I'd say land is down 20% off the highs here.

If interest rates go up any land will fall more.

Interest @ 4% on 10,000 land is $400 per acre.At 8% is $800 per acre.In the 80's it jumped to 15-20%


----------



## Vol (Jul 5, 2009)

swmnhay said:


> Interest @ 4% on 10,000 land is $400 per acre.At 8% is $800 per acre.In the 80's it jumped to 15-20%


Yes it did....and surely there won't be the number of knucklehead farmers and bankers that will take the plunge if interest rates climb into double digits. I am sure there are some who cannot take lessons from recent history but I would think that most will.

Banking regulations are so much different now than in the 80's....that should remedy many.

Regards, Mike


----------



## swmnhay (Jun 13, 2008)

Vol said:


> Yes it did....and surely there won't be the number of knucklehead farmers and bankers that will take the plunge if interest rates climb into double digits. I am sure there are some who cannot take lessons from recent history but I would think that most will.
> 
> Banking regulations are so much different now than in the 80's....that should remedy many.
> 
> Regards, Mike


My local bank will only borrow 3500 an acre to buy land.You have to come up with the rest in cash or other collateral.This is now buying land at 8-12K per acre.

In the 80's many borrowed against the pd for farm to buy the next one and ended up loosing them both.


----------



## stack em up (Mar 7, 2013)

Great aunt sold 160 next to ours in 1983, not sure of price, but I know great uncle (her brother-in-law) told her the buyer won't ever make the interest. He didn't. It was 21% at the time. It was sold numerous times the next 3 years or so, each time went back.

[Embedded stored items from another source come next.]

lemma Phi_eq_Delta_add:
  fixes Y :: "'a::real_inner multiset"
  shows "Phi p Y = Delta Y + real (size Y) * (norm (p - centroid Y))\<^sup>2"
proof (cases "Y = {#}")
  case True
  then show ?thesis by (simp add: Phi_def Delta_def)
next
  case False
  define \<mu> where "\<mu> = centroid Y"
  have "(\<Sum>y\<in>#Y. y - \<mu>) = sum_mset Y - real (size Y) *\<^sub>R \<mu>"
    by (induction Y) (simp_all add: algebra_simps)
  then have centred: "(\<Sum>y\<in>#Y. y - \<mu>) = 0"
    using False by (simp add: \<mu>_def centroid_def)
  have "(norm (y - p))\<^sup>2 = (norm (y - \<mu>))\<^sup>2 + 2 * inner (y - \<mu>) (\<mu> - p) + (norm (\<mu> - p))\<^sup>2" for y
    using dot_norm[of "y - \<mu>" "\<mu> - p"] by simp
  then have "Phi p Y = (\<Sum>y\<in>#Y. (norm (y - \<mu>))\<^sup>2 + 2 * inner (y - \<mu>) (\<mu> - p) + (norm (\<mu> - p))\<^sup>2)"
    unfolding Phi_def by (intro arg_cong[where f = sum_mset] image_mset_cong)
  also have "\<dots> = Delta Y + 2 * inner (\<Sum>y\<in>#Y. y - \<mu>) (\<mu> - p) + real (size Y) * (norm (\<mu> - p))\<^sup>2"
    by (simp only: sum_mset.distrib sum_mset_distrib_left[symmetric] sum_mset_inner_left
        Delta_def \<mu>_def) simp
  finally show ?thesis
    unfolding centred by (simp add: \<mu>_def norm_minus_commute)
qed

lemma Delta_le_Phi:
  fixes Y :: "'a::real_inner multiset"
  shows "Delta Y \<le> Phi p Y"
  by (simp add: Phi_eq_Delta_add)

lemma Phi_le_Phi_add_dist:
  fixes Y :: "'a::real_normed_vector multiset"
  shows "Phi q Y \<le> 2 * Phi p Y + 2 * real (size Y) * (norm (p - q))\<^sup>2"
proof -
  have "(norm (y - q))\<^sup>2 \<le> 2 * (norm (y - p))\<^sup>2 + 2 * (norm (p - q))\<^sup>2" for y
    using norm_add_square_le[of "y - p" "p - q"] by simp
  then have "Phi q Y \<le> (\<Sum>y\<in>#Y. 2 * (norm (y - p))\<^sup>2 + 2 * (norm (p - q))\<^sup>2)"
    unfolding Phi_def by (rule sum_mset_mono)
  then show ?thesis
    by (simp add: Phi_def sum_mset.distrib sum_mset_distrib_left)
qed
lemma unit_simplex_nonempty: "unit_simplex \<noteq> {}"
proof -
  have "(\<chi> i. 1 / real CARD('n)) \<in> (unit_simplex :: (real ^ 'n::finite) set)"
    unfolding unit_simplex_def by simp
  then show ?thesis by blast
qed

lemma brouwer_unit_simplex_eigenvector:
  fixes g :: "real ^ 'n::finite \<Rightarrow> real ^ 'n"
  assumes cont: "continuous_on unit_simplex g" and pos: "\<And>u i. u \<in> unit_simplex \<Longrightarrow> 0 < g u $ i"
  obtains u s where "u \<in> unit_simplex" and "0 < s" and "g u = s *s u"
proof -
  define \<Phi> where "\<Phi> u = (1 / (\<Sum>i\<in>UNIV. g u $ i)) *s g u" for u
  have g_sum_pos: "0 < (\<Sum>i\<in>UNIV. g u $ i)" if "u \<in> unit_simplex" for u
    using pos[OF that] by (simp add: sum_pos)
  have cont_\<Phi>: "continuous_on unit_simplex \<Phi>"
    unfolding \<Phi>_def vector_scalar_mult_def
    by (intro continuous_intros cont continuous_on_component)
      (use g_sum_pos in \<open>auto simp: less_le\<close>)
  have \<Phi>_maps: "\<Phi> u \<in> unit_simplex" if "u \<in> unit_simplex" for u
    using pos[OF that] g_sum_pos[OF that]
    by (auto simp: \<Phi>_def unit_simplex_def less_imp_le sum_divide_distrib[symmetric])
  obtain u where u: "u \<in> unit_simplex" and fix_u: "\<Phi> u = u"
    by (rule brouwer[OF compact_unit_simplex convex_unit_simplex unit_simplex_nonempty cont_\<Phi>
          funcsetI[OF \<Phi>_maps]])
  define S where "S = (\<Sum>i\<in>UNIV. g u $ i)"
  have "g u $ i = S * u $ i" for i
  proof -
    have "g u $ i / S = u $ i"
      using arg_cong[OF fix_u, of "\<lambda>w. w $ i"] by (simp add: \<Phi>_def S_def)
    then show ?thesis
      using g_sum_pos[OF u] by (simp add: S_def divide_eq_eq mult.commute)
  qed
  then have "g u = S *s u"
    by (simp add: vec_eq_iff)
  with u g_sum_pos[OF u] show thesis
    unfolding S_def by (rule that)
qed
(* Let $U$ be a finite set of attributes, $\varphi$ a standard closure operator on $U$, and $X\subseteq U$. Let $\mathrm{WCD}(Y,\Sigma)$ denote the output of the algorithm WildClosureDirect described below on input set $Y\subseteq U$ and implication set $\Sigma$, and let $\Sigma(Z)$ denote the closure of $Z$ with respect to $\Sigma$. (i) If $\Sigma$ is the canonical direct unit basis of $\varphi$, then $\mathrm{WCD}(X,\Sigma)=\Sigma(X)$. (ii) If $\Sigma$ is the D-basis of $\varphi$, then $\mathrm{WCD}(\varphi_0(X),\Sigma)=\Sigma(\varphi_0(X))$.
   Context: An implication over $U$ is a pair $A\to B$ with $A,B\subseteq U$; the closure $\Sigma(Z)$ w.r.t. a set of implications $\Sigma$ is the smallest superset of $Z$ that contains $B$ whenever it contains $A$, for each $A\to B\in\Sigma$. A closure operator $\varphi$ on $U$ is standard if for every $a\in U$ the set $\varphi(a)\setminus\{a\}$ is closed, and $\varphi(a)\neq\varphi(b)$ for $a\neq b$. For $c\in U$, $A\subseteq U$ is a minimal generator of $c$ if $c\in\varphi(A)$, $c\notin A$, and no proper subset $A'\subsetneq A$ has $c\in\varphi(A')$. Canonical direct unit basis: $\{A\to c \mid c\in U,\ A \text{ a minimal generator of } c\}$. D-basis: let $\Sigma_0=\{a\to c\mid a,c\in U,\ c\in\varphi(a)\setminus\{a\}\}$ and $\varphi_0(X)$ the closure of $X$ w.r.t. $\Sigma_0$. A minimal generator $A$ of $c$ with $|A|\ge2$ is a minimal D-generator of $c$ if $c\notin\varphi_0(A)$ and for every minimal generator $A'$ of $c$, $A'\subseteq\varphi_0(A)$ implies $A'=A$. The D-basis is $\Sigma_0\cup\{A\to c\mid c\in U,\ A\text{ a minimal D-generator of }c\}$. In both bases, implications with equal left-hand side may be merged into a single implication whose right-hand side is the union. Algorithm WildClosureDirect on input $(Y,\Sigma)$: for each $m\in U$ let $list[m]$ be the set of implications $A\to B\in\Sigma$ with $m\in A$. Compute $\Sigma_1:=\bigcup_{m\in U\setminus Y} list[m]$ (this set is fixed once computed). For each $A\to B\in\Sigma\setminus\Sigma_1$, set $Y:=Y\cup B$. Return $Y$. *)

theory Defs
  imports Main
begin

type_synonym 'a impl = "'a set \<times> 'a set"
type_synonym 'a unit_impl = "'a set \<times> 'a"
(* Let $G$ be an $m\times n$ XOR non-local game with no zero rows, with marginal row biases $c_1,\dots,c_m$. A vector strategy $\{u_i\},\{v_j\}$ for $G$ is optimal if and only if $\sum_jG_{ij}v_j=c_iu_i$ for all $1\le i\le m$.
   Context: An $m\times n$ XOR non-local game has real cost matrix $G$ with $\sum|G_{ij}|=1$. A vector strategy is a pair of families of unit vectors $u_1,\dots,u_m$, $v_1,\dots,v_n$ in some $\mathbb{R}^N$, with bias $\sum G_{ij}u_i\cdot v_j$; the maximum bias is the quantum success bias $\varepsilon_q(G)$, and a vector strategy is optimal if it attains it. The $i$-th marginal row bias $c_i\ge0$ is the common value of $\sum_jG_{ij}u_i\cdot v_j$ over all optimal vector strategies (this value does not depend on the optimal strategy). *)

theory Defs
  imports "HOL-Analysis.Analysis"
begin

definition xor_game :: "nat \<Rightarrow> nat \<Rightarrow> (nat \<Rightarrow> nat \<Rightarrow> real) \<Rightarrow> bool" where
  "xor_game m n G \<longleftrightarrow> (\<Sum>i<m. \<Sum>j<n. \<bar>G i j\<bar>) = 1"

definition no_zero_rows :: "nat \<Rightarrow> nat \<Rightarrow> (nat \<Rightarrow> nat \<Rightarrow> real) \<Rightarrow> bool" where
  "no_zero_rows m n G \<longleftrightarrow> (\<forall>i<m. \<exists>j<n. G i j \<noteq> 0)"

definition vec_strategy :: "nat \<Rightarrow> nat \<Rightarrow> (nat \<Rightarrow> 'a::real_inner) \<Rightarrow> (nat \<Rightarrow> 'a) \<Rightarrow> bool" where
  "vec_strategy m n u v \<longleftrightarrow> (\<forall>i<m. norm (u i) = 1) \<and> (\<forall>j<n. norm (v j) = 1)"

definition bias :: "nat \<Rightarrow> nat \<Rightarrow> (nat \<Rightarrow> nat \<Rightarrow> real) \<Rightarrow> (nat \<Rightarrow> 'a::real_inner) \<Rightarrow> (nat \<Rightarrow> 'a) \<Rightarrow> real" where
  "bias m n G u v = (\<Sum>i<m. \<Sum>j<n. G i j * (u i \<bullet> v j))"

text \<open>Coordinate model of R^N for arbitrary N: vectors are functions nat \<Rightarrow> real,
  only coordinates k < N matter.\<close>
definition dinner :: "nat \<Rightarrow> (nat \<Rightarrow> real) \<Rightarrow> (nat \<Rightarrow> real) \<Rightarrow> real" where
  "dinner N x y = (\<Sum>k<N. x k * y k)"

definition coord_strategy :: "nat \<Rightarrow> nat \<Rightarrow> nat \<Rightarrow> (nat \<Rightarrow> nat \<Rightarrow> real) \<Rightarrow> (nat \<Rightarrow> nat \<Rightarrow> real) \<Rightarrow> bool" where
  "coord_strategy N m n u v \<longleftrightarrow> (\<forall>i<m. dinner N (u i) (u i) = 1) \<and> (\<forall>j<n. dinner N (v j) (v j) = 1)"

definition coord_bias :: "nat \<Rightarrow> nat \<Rightarrow> nat \<Rightarrow> (nat \<Rightarrow> nat \<Rightarrow> real) \<Rightarrow> (nat \<Rightarrow> nat \<Rightarrow> real) \<Rightarrow> (nat \<Rightarrow> nat \<Rightarrow> real) \<Rightarrow> real" where
  "coord_bias N m n G u v = (\<Sum>i<m. \<Sum>j<n. G i j * dinner N (u i) (v j))"

definition quantum_bias :: "nat \<Rightarrow> nat \<Rightarrow> (nat \<Rightarrow> nat \<Rightarrow> real) \<Rightarrow> real" where
  "quantum_bias m n G = Sup {coord_bias N m n G u v | N u v. coord_strategy N m n u v}"

definition optimal_strategy :: "nat \<Rightarrow> nat \<Rightarrow> (nat \<Rightarrow> nat \<Rightarrow> real) \<Rightarrow> (nat \<Rightarrow> 'a::real_inner) \<Rightarrow> (nat \<Rightarrow> 'a) \<Rightarrow> bool" where
  "optimal_strategy m n G u v \<longleftrightarrow> vec_strategy m n u v \<and> bias m n G u v = quantum_bias m n G"

text \<open>Marginal row bias c_i: the value of sum_j G_ij u_i.v_j for an optimal strategy
  (the paper shows it does not depend on the optimal strategy chosen).\<close>
definition marginal_row_bias :: "nat \<Rightarrow> nat \<Rightarrow> (nat \<Rightarrow> nat \<Rightarrow> real) \<Rightarrow> nat \<Rightarrow> real" where
  "marginal_row_bias m n G i = (SOME c. \<exists>N u v. coord_strategy N m n u v \<and>
      coord_bias N m n G u v = quantum_bias m n G \<and> c = (\<Sum>j<n. G i j * dinner N (u i) (v j)))"

end

theory Submission
  imports Defs
begin

text \<open>Write \<open>w\<^sub>i = \<Sum>\<^sub>j G\<^sub>i\<^sub>j v\<^sub>j\<close>, so that the bias is \<open>\<Sum>\<^sub>i u\<^sub>i \<bullet> w\<^sub>i\<close>. The bias only
  depends on the Gram matrix of the \<open>m + n\<close> vectors, so Gram--Schmidt compresses every strategy
  into dimension \<open>m + n\<close>, and compactness there shows that the quantum bias is attained.
  In an optimal strategy \<open>u\<^sub>i\<close> maximises \<open>u \<bullet> w\<^sub>i\<close> over unit vectors \<open>u\<close>, hence
  \<open>(u\<^sub>i \<bullet> w\<^sub>i)\<^sup>2 = |w\<^sub>i|\<^sup>2\<close>, i.e. \<open>w\<^sub>i = (u\<^sub>i \<bullet> w\<^sub>i) u\<^sub>i\<close>. Joining two optimal strategies
  orthogonally (scaled by \<open>1 / sqrt 2\<close>) gives a third one whose row biases are the averages
  \<open>(a + b) / 2\<close> and whose \<open>|w\<^sub>i|\<^sup>2\<close> are the averages \<open>(a\<^sup>2 + b\<^sup>2) / 2\<close>; so \<open>a = b\<close>, and
  \<open>c\<^sub>i = u\<^sub>i \<bullet> w\<^sub>i\<close> for every optimal strategy. Conversely, if \<open>w\<^sub>i = c\<^sub>i u\<^sub>i\<close> for all \<open>i\<close> then
  the bias is \<open>\<Sum>\<^sub>i c\<^sub>i\<close>, the bias of an optimal strategy.\<close>

lemma dinner_commute: "dinner N x y = dinner N y x"
  by (simp add: dinner_def mult.commute)

lemma dinner_self_nonneg: "0 \<le> dinner N x x"
  by (simp add: dinner_def sum_nonneg)

lemma dinner_self_eq_0_iff: "dinner N x x = 0 \<longleftrightarrow> (\<forall>k<N. x k = 0)"
  by (auto simp: dinner_def sum_nonneg_eq_0_iff)

lemma dinner_cong:
  "(\<And>k. k < N \<Longrightarrow> x k = x' k) \<Longrightarrow> (\<And>k. k < N \<Longrightarrow> y k = y' k) \<Longrightarrow>
    dinner N x y = dinner N x' y'"
  by (simp add: dinner_def)

lemma dinner_eq_0_if_self_eq_0: "dinner N x x = 0 \<Longrightarrow> dinner N x y = 0"
  unfolding dinner_self_eq_0_iff by (simp add: dinner_def)

lemma dinner_divide_right: "dinner N x (\<lambda>k. y k / c) = dinner N x y / c"
  by (simp add: dinner_def sum_divide_distrib)

lemma dinner_mult_right: "dinner N x (\<lambda>k. c * y k) = c * dinner N x y"
  by (simp add: dinner_def sum_distrib_left algebra_simps)

lemma dinner_diff_mult:
  "dinner N (\<lambda>k. x k - a * z k) (\<lambda>k. y k - b * z k)
     = dinner N x y - b * dinner N x z - a * dinner N y z + a * b * dinner N z z"
  by (simp add: dinner_def sum_subtractf sum.distrib sum_distrib_left algebra_simps)

lemma dinner_Suc_case_nat: "dinner (Suc K) (case_nat a x) (case_nat b y) = a * b + dinner K x y"
  unfolding dinner_def sum.lessThan_Suc_shift by simp

lemma square_coord_le_dinner: "k < N \<Longrightarrow> (x k)\<^sup>2 \<le> dinner N x x"
  unfolding dinner_def power2_eq_square by (rule member_le_sum) auto

lemma dinner_Cauchy_Schwarz: "(dinner N x y)\<^sup>2 \<le> dinner N x x * dinner N y y"
  using Cauchy_Schwarz_ineq_sum[of x y "{..<N}"] by (simp add: dinner_def power2_eq_square)

lemma abs_dinner_le_1: "dinner N x x = 1 \<Longrightarrow> dinner N y y = 1 \<Longrightarrow> \<bar>dinner N x y\<bar> \<le> 1"
  using dinner_Cauchy_Schwarz[of N x y] by (simp add: abs_square_le_1)

definition lincomb :: "nat \<Rightarrow> (nat \<Rightarrow> real) \<Rightarrow> (nat \<Rightarrow> nat \<Rightarrow> real) \<Rightarrow> nat \<Rightarrow> real" where
  "lincomb n c v = (\<lambda>k. \<Sum>j<n. c j * v j k)"

lemma dinner_lincomb_right: "dinner N x (lincomb n c v) = (\<Sum>j<n. c j * dinner N x (v j))"
  by (simp add: dinner_def lincomb_def sum_distrib_left sum.swap[of _ "{..<n}"] algebra_simps)

lemma coord_bias_eq_sum_rows:
  "coord_bias N m n G u v = (\<Sum>i<m. dinner N (u i) (lincomb n (G i) v))"
  by (simp add: coord_bias_def dinner_lincomb_right)

lemma coord_bias_le_sum_abs:
  assumes "coord_strategy N m n u v"
  shows "coord_bias N m n G u v \<le> (\<Sum>i<m. \<Sum>j<n. \<bar>G i j\<bar>)"
  unfolding coord_bias_def
proof (intro sum_mono)
  fix i j assume "i \<in> {..<m}" "j \<in> {..<n}"
  then have "\<bar>dinner N (u i) (v j)\<bar> \<le> 1"
    using assms abs_dinner_le_1 by (simp add: coord_strategy_def)
  then have "\<bar>G i j\<bar> * \<bar>dinner N (u i) (v j)\<bar> \<le> \<bar>G i j\<bar>"
    by (simp add: mult_left_le)
  then show "G i j * dinner N (u i) (v j) \<le> \<bar>G i j\<bar>"
    by (metis abs_ge_self abs_mult order_trans)
qed

lemma coord_bias_le_quantum_bias:
  assumes "coord_strategy N m n u v"
  shows "coord_bias N m n G u v \<le> quantum_bias m n G"
  unfolding quantum_bias_def
proof (rule cSup_upper)
  show "bdd_above {coord_bias N m n G u v | N u v. coord_strategy N m n u v}"
    using coord_bias_le_sum_abs by (fastforce simp: bdd_above_def)
qed (use assms in blast)

lemma quantum_bias_le:
  assumes "\<And>N u v. coord_strategy N m n u v \<Longrightarrow> coord_bias N m n G u v \<le> b"
  shows "quantum_bias m n G \<le> b"
  unfolding quantum_bias_def
proof (rule cSup_least)
  have "coord_strategy 1 m n (\<lambda>_ _. 1) (\<lambda>_ _. 1)"
    by (simp add: coord_strategy_def dinner_def)
  then show "{coord_bias N m n G u v | N u v. coord_strategy N m n u v} \<noteq> {}"
    by blast
qed (use assms in blast)

text \<open>\<open>c a\<close> is the component of \<open>x a\<close> along \<open>x 0\<close> and \<open>r a\<close> the orthogonal remainder.\<close>

lemma gram_schmidt_step:
  obtains c :: "nat \<Rightarrow> real" and r :: "nat \<Rightarrow> nat \<Rightarrow> real"
  where "\<And>a b. dinner N (x a) (x b) = c a * c b + dinner N (r a) (r b)"
    and "\<And>y. dinner N (r 0) y = 0"
proof -
  define s where "s = sqrt (dinner N (x 0) (x 0))"
  define e where "e = (\<lambda>k. x 0 k / s)"
  define c where "c a = dinner N (x a) e" for a
  define r where "r a = (\<lambda>k. x a k - c a * e k)" for a
  have ss: "s * s = dinner N (x 0) (x 0)"
    by (simp add: s_def dinner_self_nonneg)
  have c0: "c 0 = s"
  proof (cases "s = 0")
    case True
    then show ?thesis by (simp add: c_def e_def dinner_def)
  next
    case False
    then show ?thesis by (simp add: c_def e_def dinner_divide_right flip: ss)
  qed
  \<comment> \<open>If \<open>x 0\<close> vanishes then \<open>s = 0\<close>, so \<open>e = 0\<close> (division by zero) and all \<open>c a = 0\<close>.\<close>
  have ee: "c a * c b * dinner N e e = c a * c b" for a b
  proof (cases "s = 0")
    case True
    then show ?thesis by (simp add: c_def e_def dinner_def)
  next
    case False
    have "dinner N e e = dinner N (x 0) (x 0) / (s * s)"
      by (simp add: e_def dinner_def sum_divide_distrib)
    also have "\<dots> = 1"
      using False by (simp flip: ss)
    finally show ?thesis by simp
  qed
  have rr: "dinner N (x a) (x b) = c a * c b + dinner N (r a) (r b)" for a b
    using dinner_diff_mult[of N "x a" "c a" e "x b" "c b"] ee[of a b]
    by (simp add: r_def flip: c_def)
  have "dinner N (r 0) (r 0) = 0"
    using rr[of 0 0] c0 ss by simp
  then have "dinner N (r 0) y = 0" for y
    by (rule dinner_eq_0_if_self_eq_0)
  with rr show thesis by (rule that)
qed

Looking back I know why dad didn't buy it, but it sure would've been have a half section right in one chunk.


----------



## Vol (Jul 5, 2009)

Yeah, I wanted to buy a quarter section out in Kansas five years ago, but I didn't because I knew it was over-priced....but it sure was great soil and great hunting.....a long way from home....986 miles to be exact.

Regards, Mike


----------